Per quell’evento la Polizia fermò il presidente del PAE, Stefano Fuccelli, con l’accusa di aggressione e lesioni. Oggi la sentenza di assoluzione con formula piena.

“Nell’atto di citazione a giudizio della Procura di Trapani il sottoscritto è imputato del reato di cui all’art. 582 c.p. per avere, assestandogli un vigoroso pugno al volto e di conseguenza facendogli perdere l’equilibrio e facendolo rovinare pesantemente al suolo, cagionato volontariamente a questa persona lesioni personali consistenti in trauma cranico.

Conseguenza di queste lesioni un periodo di malattia e di incapacità ad attendere alle ordinarie occupazioni – dichiara il presidente del Pae -.
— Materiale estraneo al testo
(* Let $p$ be a prime, $\mathbb{K}$ a finite extension of $\mathbb{Q}_p$ of degree $n$ (with the unique extension of the $p$-adic norm), and $G$ a topological group. Then $EH^2_{cb}(G, \mathbb{K}) \cong EH^2_{cb}(G, \mathbb{Q}_p)^n$ (as $\mathbb{Q}_p$-vector spaces). In particular, $EH^2_{cb}(G, \mathbb{K}) = 0$ if and only if $EH^2_{cb}(G, \mathbb{Q}_p) = 0$.
   Context: For a valued field $\mathbb{L}$, a quasimorphism $G\to\mathbb{L}$ is a continuous map $f$ with $\sup_{g,h}|f(gh)-f(g)-f(h)|<\infty$. The exact second continuous bounded cohomology is $EH^2_{cb}(G,\mathbb{L})=Q(G,\mathbb{L})/(\mathrm{Hom}_c(G,\mathbb{L})+C_b(G,\mathbb{L}))$, where $Q$ is the space of quasimorphisms, $\mathrm{Hom}_c$ continuous homomorphisms and $C_b$ continuous bounded functions; equivalently, the kernel of the comparison map $H^2_{cb}(G,\mathbb{L})\to H^2_c(G,\mathbb{L})$ with trivial coefficients. *)

theory Defs
  imports "HOL-Analysis.Analysis" "HOL-Computational_Algebra.Primes" "HOL-Algebra.Group"
begin

definition absval :: "('a::field \<Rightarrow> real) \<Rightarrow> bool" where
  "absval av \<longleftrightarrow> av 0 = 0 \<and> (\<forall>x. x \<noteq> 0 \<longrightarrow> av x > 0)
     \<and> (\<forall>x y. av (x * y) = av x * av y) \<and> (\<forall>x y. av (x + y) \<le> av x + av y)"

definition padic_val_rat :: "nat \<Rightarrow> rat \<Rightarrow> int" where
  "padic_val_rat p r = (case quotient_of r of (a, b) \<Rightarrow>
      int (multiplicity (int p) a) - int (multiplicity (int p) b))"

definition padic_abs_rat :: "nat \<Rightarrow> rat \<Rightarrow> real" where
  "padic_abs_rat p r = (if r = 0 then 0 else real p powr (- real_of_int (padic_val_rat p r)))"

text \<open>A field with absolute value is (a copy of) Q_p iff it is the completion of
  Q with respect to the p-adic absolute value: the absolute value extends the
  p-adic one on Q, Q is dense, and the field is complete.\<close>
definition is_Qp :: "nat \<Rightarrow> ('q::field_char_0 \<Rightarrow> real) \<Rightarrow> bool" where
  "is_Qp p av \<longleftrightarrow> absval av
     \<and> (\<forall>r. av (of_rat r) = padic_abs_rat p r)
     \<and> (\<forall>x e. e > 0 \<longrightarrow> (\<exists>r. av (x - of_rat r) < e))
     \<and> (\<forall>X::nat \<Rightarrow> 'q. (\<forall>e>0. \<exists>N. \<forall>m\<ge>N. \<forall>k\<ge>N. av (X m - X k) < e)
           \<longrightarrow> (\<exists>L. \<forall>e>0. \<exists>N. \<forall>m\<ge>N. av (X m - L) < e))"

definition abs_topology :: "('a::field \<Rightarrow> real) \<Rightarrow> 'a topology" where
  "abs_topology av = topology (\<lambda>U. \<forall>x\<in>U. \<exists>e>0. \<forall>y. av (y - x) < e \<longrightarrow> y \<in> U)"

definition topological_group :: "('g, 'b) monoid_scheme \<Rightarrow> 'g topology \<Rightarrow> bool" where
  "topological_group G T \<longleftrightarrow> group G \<and> topspace T = carrier G
     \<and> continuous_map (prod_topology T T) T (\<lambda>(x, y). x \<otimes>\<^bsub>G\<^esub> y)
     \<and> continuous_map T T (\<lambda>x. inv\<^bsub>G\<^esub> x)"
Trovo che sia tutto una forzatura, noi stavamo manifestando pacificamente quando quest’uomo si è avvicinato con l’unico intento di provocare e colpire il promotore dell’evento Enrico Rizzi, come poi ha fatto. Nel secondo tentativo di offendere Rizzi mi sono intromesso al fine di evitare il contatto dandogli una spintonata, lui ha perso l’equilibrio ed è caduto a terra battendo la testa.

Il mio – sottolinea Fuccelli – è stato un comportamento difensivo al fine di evitare conseguenze ben più gravi. Ringrazio l’ottima assistenza legale dell’Avvocato Alessio Cugini che è riuscito a dirimere quei dubbi che hanno permesso alla magistratura di ricostruire i fatti realmente accaduti.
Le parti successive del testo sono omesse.